▶ TASK DATA
※

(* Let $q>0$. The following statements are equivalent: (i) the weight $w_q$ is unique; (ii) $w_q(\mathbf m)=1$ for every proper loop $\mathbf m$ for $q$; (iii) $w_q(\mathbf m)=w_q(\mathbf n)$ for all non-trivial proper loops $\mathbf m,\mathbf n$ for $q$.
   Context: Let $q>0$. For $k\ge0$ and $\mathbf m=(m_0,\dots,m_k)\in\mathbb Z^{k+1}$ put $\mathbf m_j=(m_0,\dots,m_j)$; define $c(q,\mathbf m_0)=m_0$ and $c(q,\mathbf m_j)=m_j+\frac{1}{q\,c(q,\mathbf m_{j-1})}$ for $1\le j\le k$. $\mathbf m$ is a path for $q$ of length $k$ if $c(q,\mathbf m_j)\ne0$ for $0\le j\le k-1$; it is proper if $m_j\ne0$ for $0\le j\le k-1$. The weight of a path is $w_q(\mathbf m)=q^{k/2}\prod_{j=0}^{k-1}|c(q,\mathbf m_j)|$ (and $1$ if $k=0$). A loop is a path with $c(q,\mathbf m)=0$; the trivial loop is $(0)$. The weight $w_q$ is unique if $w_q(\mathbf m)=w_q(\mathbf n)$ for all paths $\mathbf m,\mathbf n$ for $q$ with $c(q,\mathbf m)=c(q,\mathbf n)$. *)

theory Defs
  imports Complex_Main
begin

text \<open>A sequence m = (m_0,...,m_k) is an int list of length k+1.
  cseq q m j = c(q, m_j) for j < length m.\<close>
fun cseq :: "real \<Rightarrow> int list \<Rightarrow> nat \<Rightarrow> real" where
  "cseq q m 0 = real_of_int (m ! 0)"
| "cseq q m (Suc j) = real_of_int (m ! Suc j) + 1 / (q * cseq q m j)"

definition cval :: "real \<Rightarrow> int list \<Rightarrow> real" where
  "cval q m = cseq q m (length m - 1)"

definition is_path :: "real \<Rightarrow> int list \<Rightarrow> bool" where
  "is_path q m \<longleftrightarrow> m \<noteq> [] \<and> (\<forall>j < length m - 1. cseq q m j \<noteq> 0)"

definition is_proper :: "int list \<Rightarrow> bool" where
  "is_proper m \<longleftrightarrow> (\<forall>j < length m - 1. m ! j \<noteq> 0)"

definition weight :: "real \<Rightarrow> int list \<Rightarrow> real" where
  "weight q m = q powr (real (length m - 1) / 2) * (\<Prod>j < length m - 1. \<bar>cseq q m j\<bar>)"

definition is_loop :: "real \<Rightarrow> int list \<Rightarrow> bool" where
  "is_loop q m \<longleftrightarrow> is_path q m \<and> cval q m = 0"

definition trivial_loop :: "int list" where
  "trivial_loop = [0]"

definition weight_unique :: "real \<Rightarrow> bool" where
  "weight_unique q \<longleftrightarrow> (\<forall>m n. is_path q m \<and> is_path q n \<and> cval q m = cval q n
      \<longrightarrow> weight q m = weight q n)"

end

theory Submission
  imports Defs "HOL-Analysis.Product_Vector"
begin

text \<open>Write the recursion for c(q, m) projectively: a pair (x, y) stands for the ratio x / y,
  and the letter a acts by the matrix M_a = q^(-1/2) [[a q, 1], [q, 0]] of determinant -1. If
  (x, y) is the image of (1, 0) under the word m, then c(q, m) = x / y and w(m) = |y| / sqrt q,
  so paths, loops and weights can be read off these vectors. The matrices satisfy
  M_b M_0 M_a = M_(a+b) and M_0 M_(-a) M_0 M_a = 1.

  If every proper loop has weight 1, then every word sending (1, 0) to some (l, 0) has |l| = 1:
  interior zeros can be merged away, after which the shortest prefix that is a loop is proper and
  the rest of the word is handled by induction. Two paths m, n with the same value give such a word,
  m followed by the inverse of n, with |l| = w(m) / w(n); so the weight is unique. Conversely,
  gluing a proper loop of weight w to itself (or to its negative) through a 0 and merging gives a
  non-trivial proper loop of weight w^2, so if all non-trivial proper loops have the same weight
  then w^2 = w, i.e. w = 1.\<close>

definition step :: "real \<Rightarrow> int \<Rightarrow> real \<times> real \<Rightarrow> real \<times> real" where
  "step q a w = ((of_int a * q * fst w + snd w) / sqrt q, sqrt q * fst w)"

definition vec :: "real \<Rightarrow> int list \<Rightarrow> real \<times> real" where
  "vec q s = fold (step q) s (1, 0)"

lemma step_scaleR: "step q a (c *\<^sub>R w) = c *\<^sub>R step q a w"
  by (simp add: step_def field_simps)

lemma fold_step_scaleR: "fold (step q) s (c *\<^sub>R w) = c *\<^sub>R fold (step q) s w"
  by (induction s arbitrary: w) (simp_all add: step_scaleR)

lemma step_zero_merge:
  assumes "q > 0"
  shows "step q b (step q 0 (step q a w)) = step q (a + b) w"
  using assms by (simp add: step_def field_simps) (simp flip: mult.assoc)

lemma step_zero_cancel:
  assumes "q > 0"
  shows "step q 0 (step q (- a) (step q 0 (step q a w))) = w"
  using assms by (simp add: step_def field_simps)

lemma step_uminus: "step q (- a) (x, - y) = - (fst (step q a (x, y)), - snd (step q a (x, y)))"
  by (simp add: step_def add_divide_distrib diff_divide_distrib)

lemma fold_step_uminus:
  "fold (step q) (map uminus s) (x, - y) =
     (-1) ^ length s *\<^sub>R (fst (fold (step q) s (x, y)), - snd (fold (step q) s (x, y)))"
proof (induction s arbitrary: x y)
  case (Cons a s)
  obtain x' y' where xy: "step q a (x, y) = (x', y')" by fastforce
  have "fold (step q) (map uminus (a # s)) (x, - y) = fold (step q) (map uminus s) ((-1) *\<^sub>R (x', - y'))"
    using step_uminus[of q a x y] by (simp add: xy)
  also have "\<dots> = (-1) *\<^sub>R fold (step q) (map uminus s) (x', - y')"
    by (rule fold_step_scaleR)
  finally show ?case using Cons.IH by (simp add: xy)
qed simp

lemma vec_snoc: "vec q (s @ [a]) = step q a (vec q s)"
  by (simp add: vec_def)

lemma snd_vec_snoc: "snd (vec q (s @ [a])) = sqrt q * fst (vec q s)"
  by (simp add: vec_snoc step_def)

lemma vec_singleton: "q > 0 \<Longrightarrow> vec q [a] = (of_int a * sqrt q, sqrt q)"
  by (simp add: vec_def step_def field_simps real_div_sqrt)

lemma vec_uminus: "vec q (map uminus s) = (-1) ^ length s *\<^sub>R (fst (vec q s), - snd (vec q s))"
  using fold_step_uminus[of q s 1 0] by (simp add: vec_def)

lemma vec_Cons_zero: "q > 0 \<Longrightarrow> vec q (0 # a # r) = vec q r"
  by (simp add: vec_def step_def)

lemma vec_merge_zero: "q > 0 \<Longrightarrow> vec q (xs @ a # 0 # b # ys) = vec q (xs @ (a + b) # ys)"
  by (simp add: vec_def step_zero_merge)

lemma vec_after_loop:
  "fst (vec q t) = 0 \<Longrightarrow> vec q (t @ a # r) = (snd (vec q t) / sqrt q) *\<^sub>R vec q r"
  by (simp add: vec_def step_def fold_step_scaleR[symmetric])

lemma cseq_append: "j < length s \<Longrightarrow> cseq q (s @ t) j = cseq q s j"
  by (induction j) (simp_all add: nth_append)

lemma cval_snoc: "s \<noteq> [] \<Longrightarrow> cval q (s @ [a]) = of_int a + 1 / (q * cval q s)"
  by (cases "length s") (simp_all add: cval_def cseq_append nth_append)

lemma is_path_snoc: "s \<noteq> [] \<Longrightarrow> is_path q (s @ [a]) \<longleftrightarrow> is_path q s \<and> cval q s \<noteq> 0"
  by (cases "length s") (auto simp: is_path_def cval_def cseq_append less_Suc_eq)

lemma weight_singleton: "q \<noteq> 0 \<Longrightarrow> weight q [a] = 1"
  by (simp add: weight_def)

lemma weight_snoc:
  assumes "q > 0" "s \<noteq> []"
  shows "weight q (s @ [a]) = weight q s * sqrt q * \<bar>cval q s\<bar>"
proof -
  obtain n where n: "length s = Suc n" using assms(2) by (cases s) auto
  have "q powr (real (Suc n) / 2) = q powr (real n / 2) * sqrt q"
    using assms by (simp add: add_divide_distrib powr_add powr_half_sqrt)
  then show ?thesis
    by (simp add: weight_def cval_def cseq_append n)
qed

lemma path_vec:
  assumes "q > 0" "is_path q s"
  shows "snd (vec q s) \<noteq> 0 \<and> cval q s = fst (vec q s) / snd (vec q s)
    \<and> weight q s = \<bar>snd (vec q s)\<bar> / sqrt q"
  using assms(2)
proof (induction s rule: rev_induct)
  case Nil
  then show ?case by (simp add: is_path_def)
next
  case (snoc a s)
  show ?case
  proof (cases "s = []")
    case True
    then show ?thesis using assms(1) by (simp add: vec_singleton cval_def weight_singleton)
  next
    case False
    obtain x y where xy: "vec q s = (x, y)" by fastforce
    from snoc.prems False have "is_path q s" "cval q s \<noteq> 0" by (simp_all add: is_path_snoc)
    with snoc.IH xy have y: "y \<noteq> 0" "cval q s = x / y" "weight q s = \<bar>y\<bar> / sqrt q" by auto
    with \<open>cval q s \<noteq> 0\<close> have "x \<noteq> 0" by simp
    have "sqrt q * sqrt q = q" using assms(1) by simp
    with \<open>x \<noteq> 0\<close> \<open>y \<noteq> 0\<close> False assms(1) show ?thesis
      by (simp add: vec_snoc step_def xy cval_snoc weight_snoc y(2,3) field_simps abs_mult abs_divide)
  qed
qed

※

▶ WORK INSTRUCTION
From the records above, pull out every line containing the word "thesis".

▶ FINISHED TASK
  then show ?thesis
    then show ?thesis using assms(1) by (simp add: vec_singleton cval_def weight_singleton)
    with \<open>x \<noteq> 0\<close> \<open>y \<noteq> 0\<close> False assms(1) show ?thesis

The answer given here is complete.